Published in: on April 29, 2012 at 6:40 pm  Leave a Comment  

What About Dick

I went to see Eric Idle’s new play “What About Dick” at its world premiere last night, at the extremely lovely Orpheum theater on Broadway (L.A.’s Broadway, not The Great White Way). I don’t go to the professional theatre often, perhaps once a year, but I couldn’t resist this. I mean, the cast! The chance to see Russell Brand and Tim Curry on stage together; would any bit of stage remain unchewed? Tracey Ullman? Jane Leeves? Billy Connelly? Eddie Izzard? Eric Idle himself? Not one of them wouldn’t seem a good excuse to go see them on a stage… all of them at once? It’s practically every good funny person with an accent.
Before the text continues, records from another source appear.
(* Let $X,Y$ be countable discrete metric spaces and $d,d'\in D(X,Y)$. Consider the conditions: (i) $d$ and $d'$ are coarsely equivalent, i.e. there is a nondecreasing function $\varphi:[0,\infty)\to[0,\infty)$ with $d'(x,y)\le\varphi(d(x,y))$ and $d(x,y)\le\varphi(d'(x,y))$ for all $x\in X$, $y\in Y$; (ii) $M_{d'}(X,Y)=M_d(X,Y)$. Then (i) implies (ii). If moreover $X$ and $Y$ are uniformly discrete ($\inf_{x\ne x'}d_X(x,x')>0$, similarly for $Y$) and proper (every ball contains finitely many points), then (ii) implies (i).
   Context: $H_X=l^2(X)$ with basis $\{\delta_x\}$. $D(X,Y)$ is the set of metrics on $X\sqcup Y$ restricting to $d_X$ and $d_Y$. For $T:H_X\to H_Y$ bounded, $T_{yx}=\langle T\delta_x,\delta_y\rangle$; $T$ has propagation less than $L$ w.r.t. $d$ if $T_{yx}=0$ whenever $d(x,y)\ge L$. $M_d(X,Y)$ is the norm closure in $\mathbb B(H_X,H_Y)$ of the bounded operators of finite propagation w.r.t. $d$. *)

theory Defs
  imports "HOL-Analysis.Analysis"
begin

definition metric_on :: "'a set \<Rightarrow> ('a \<Rightarrow> 'a \<Rightarrow> real) \<Rightarrow> bool" where
  "metric_on S d \<longleftrightarrow>
     (\<forall>x\<in>S. \<forall>y\<in>S. d x y \<ge> 0 \<and> (d x y = 0 \<longleftrightarrow> x = y) \<and> d x y = d y x) \<and>
     (\<forall>x\<in>S. \<forall>y\<in>S. \<forall>z\<in>S. d x z \<le> d x y + d y z)"

definition discrete_metric_on :: "'a set \<Rightarrow> ('a \<Rightarrow> 'a \<Rightarrow> real) \<Rightarrow> bool" where
  "discrete_metric_on S d \<longleftrightarrow> metric_on S d \<and>
     (\<forall>x\<in>S. \<exists>e>0. \<forall>x'\<in>S. d x x' < e \<longrightarrow> x' = x)"

definition uniformly_discrete_on :: "'a set \<Rightarrow> ('a \<Rightarrow> 'a \<Rightarrow> real) \<Rightarrow> bool" where
  "uniformly_discrete_on S d \<longleftrightarrow> (\<exists>c>0. \<forall>x\<in>S. \<forall>x'\<in>S. x \<noteq> x' \<longrightarrow> c \<le> d x x')"

definition proper_on :: "'a set \<Rightarrow> ('a \<Rightarrow> 'a \<Rightarrow> real) \<Rightarrow> bool" where
  "proper_on S d \<longleftrightarrow> (\<forall>x\<in>S. \<forall>r. finite {x'\<in>S. d x x' \<le> r})"

definition Dmetrics :: "'a set \<Rightarrow> ('a \<Rightarrow> 'a \<Rightarrow> real) \<Rightarrow> 'b set \<Rightarrow> ('b \<Rightarrow> 'b \<Rightarrow> real)
    \<Rightarrow> (('a + 'b) \<Rightarrow> ('a + 'b) \<Rightarrow> real) set" where
  "Dmetrics X dX Y dY = {d. metric_on (Inl ` X \<union> Inr ` Y) d \<and>
      (\<forall>x\<in>X. \<forall>x'\<in>X. d (Inl x) (Inl x') = dX x x') \<and>
      (\<forall>y\<in>Y. \<forall>y'\<in>Y. d (Inr y) (Inr y') = dY y y')}"

definition l2vec :: "'a set \<Rightarrow> ('a \<Rightarrow> complex) \<Rightarrow> bool" where
  "l2vec X f \<longleftrightarrow> (\<forall>x. x \<notin> X \<longrightarrow> f x = 0) \<and> (\<lambda>x. (cmod (f x))\<^sup>2) summable_on X"

definition l2norm :: "'a set \<Rightarrow> ('a \<Rightarrow> complex) \<Rightarrow> real" where
  "l2norm X f = sqrt (\<Sum>\<^sub>\<infinity>x\<in>X. (cmod (f x))\<^sup>2)"

text \<open>Operators H_X \<rightarrow> H_Y are represented by their matrices T y x = T_{yx} = <T \<delta>_x, \<delta>_y>.\<close>
definition op_apply :: "'a set \<Rightarrow> ('b \<Rightarrow> 'a \<Rightarrow> complex) \<Rightarrow> ('a \<Rightarrow> complex) \<Rightarrow> ('b \<Rightarrow> complex)" where
  "op_apply X T f = (\<lambda>y. \<Sum>\<^sub>\<infinity>x\<in>X. T y x * f x)"

text \<open>A matrix defines a bounded operator l^2(X) \<rightarrow> l^2(Y) (and every bounded operator
  arises this way from its matrix).\<close>
definition bounded_op :: "'a set \<Rightarrow> 'b set \<Rightarrow> ('b \<Rightarrow> 'a \<Rightarrow> complex) \<Rightarrow> bool" where
  "bounded_op X Y T \<longleftrightarrow> (\<forall>y x. y \<notin> Y \<or> x \<notin> X \<longrightarrow> T y x = 0) \<and>
     (\<exists>C. \<forall>f. l2vec X f \<longrightarrow>
        (\<forall>y\<in>Y. (\<lambda>x. T y x * f x) summable_on X) \<and>
        l2vec Y (op_apply X T f) \<and> l2norm Y (op_apply X T f) \<le> C * l2norm X f)"

definition opnorm :: "'a set \<Rightarrow> 'b set \<Rightarrow> ('b \<Rightarrow> 'a \<Rightarrow> complex) \<Rightarrow> real" where
  "opnorm X Y T = Sup {l2norm Y (op_apply X T f) | f. l2vec X f \<and> l2norm X f \<le> 1}"

definition finite_propagation :: "'a set \<Rightarrow> 'b set \<Rightarrow> (('a + 'b) \<Rightarrow> ('a + 'b) \<Rightarrow> real)
    \<Rightarrow> ('b \<Rightarrow> 'a \<Rightarrow> complex) \<Rightarrow> bool" where
  "finite_propagation X Y d T \<longleftrightarrow>
     (\<exists>L. \<forall>x\<in>X. \<forall>y\<in>Y. d (Inl x) (Inr y) \<ge> L \<longrightarrow> T y x = 0)"

definition Md :: "'a set \<Rightarrow> 'b set \<Rightarrow> (('a + 'b) \<Rightarrow> ('a + 'b) \<Rightarrow> real)
    \<Rightarrow> ('b \<Rightarrow> 'a \<Rightarrow> complex) set" where
  "Md X Y d = {T. bounded_op X Y T \<and>
      (\<forall>e>0. \<exists>S. bounded_op X Y S \<and> finite_propagation X Y d S \<and>
                  opnorm X Y (\<lambda>y x. T y x - S y x) < e)}"

definition coarsely_equivalent :: "'a set \<Rightarrow> 'b set \<Rightarrow> (('a + 'b) \<Rightarrow> ('a + 'b) \<Rightarrow> real)
    \<Rightarrow> (('a + 'b) \<Rightarrow> ('a + 'b) \<Rightarrow> real) \<Rightarrow> bool" where
  "coarsely_equivalent X Y d d' \<longleftrightarrow>
     (\<exists>\<phi>::real \<Rightarrow> real. mono_on {0..} \<phi> \<and> (\<forall>t\<ge>0. \<phi> t \<ge> 0) \<and>
        (\<forall>x\<in>X. \<forall>y\<in>Y. d' (Inl x) (Inr y) \<le> \<phi> (d (Inl x) (Inr y)) \<and>
                        d (Inl x) (Inr y) \<le> \<phi> (d' (Inl x) (Inr y))))"

end

theory Submission
  imports Defs
begin

text \<open>
  If \<open>d' \<le> \<phi> \<circ> d\<close> with \<open>\<phi>\<close> monotone, every operator of finite \<open>d\<close>-propagation has
  finite \<open>d'\<close>-propagation, so coarse equivalence gives equal closures. Conversely, suppose
  \<open>d'\<close> is unbounded on the pairs with \<open>d \<le> t\<close>. Properness makes every row and column of
  this set finite, so one can greedily pick infinitely many such pairs, no two in a common row
  or column, along which \<open>d'\<close> is unbounded. The 0-1 matrix of this partial matching is a
  contraction of \<open>d\<close>-propagation at most \<open>t\<close>, hence lies in \<open>M\<^sub>d = M\<^sub>d\<^sub>'\<close>; but the
  entries of operators in \<open>M\<^sub>d\<^sub>'\<close> tend to 0 as \<open>d'\<close> grows, while its entries are 1. The bounds
  on \<open>d'\<close> over \<open>{d \<le> t}\<close> and on \<open>d\<close> over \<open>{d' \<le> t}\<close> then define the control function.
\<close>

lemma infsum_diff:
  fixes f g :: "'a \<Rightarrow> 'b::{topological_ab_group_add, t2_space}"
  assumes "f summable_on A" and "g summable_on A"
  shows "(\<Sum>\<^sub>\<infinity>x\<in>A. f x - g x) = infsum f A - infsum g A"
  using infsum_add[of f A "\<lambda>x. - g x"] assms summable_on_uminus[of g A] infsum_uminus[of g A]
  by simp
And being there at the launch of what might be a major new work? That would be cool points.

Was it worth it? Yes. Do I recommend it, well…

First off, it’s not really a play, well, not a stage play. There is some attempt to present it as about the making of a radio drama, but it’s not at all. This isn’t some “Noises Off”, where you’re seeing what goes on behind and around the performance. This is just the (comedic) radio drama itself. So it’s really just a group of actors ith a couple days practice reading from scripts – a great way to put on something with a couple days rehearsal for a short run; think of it as “Love Letters” with a larger cast.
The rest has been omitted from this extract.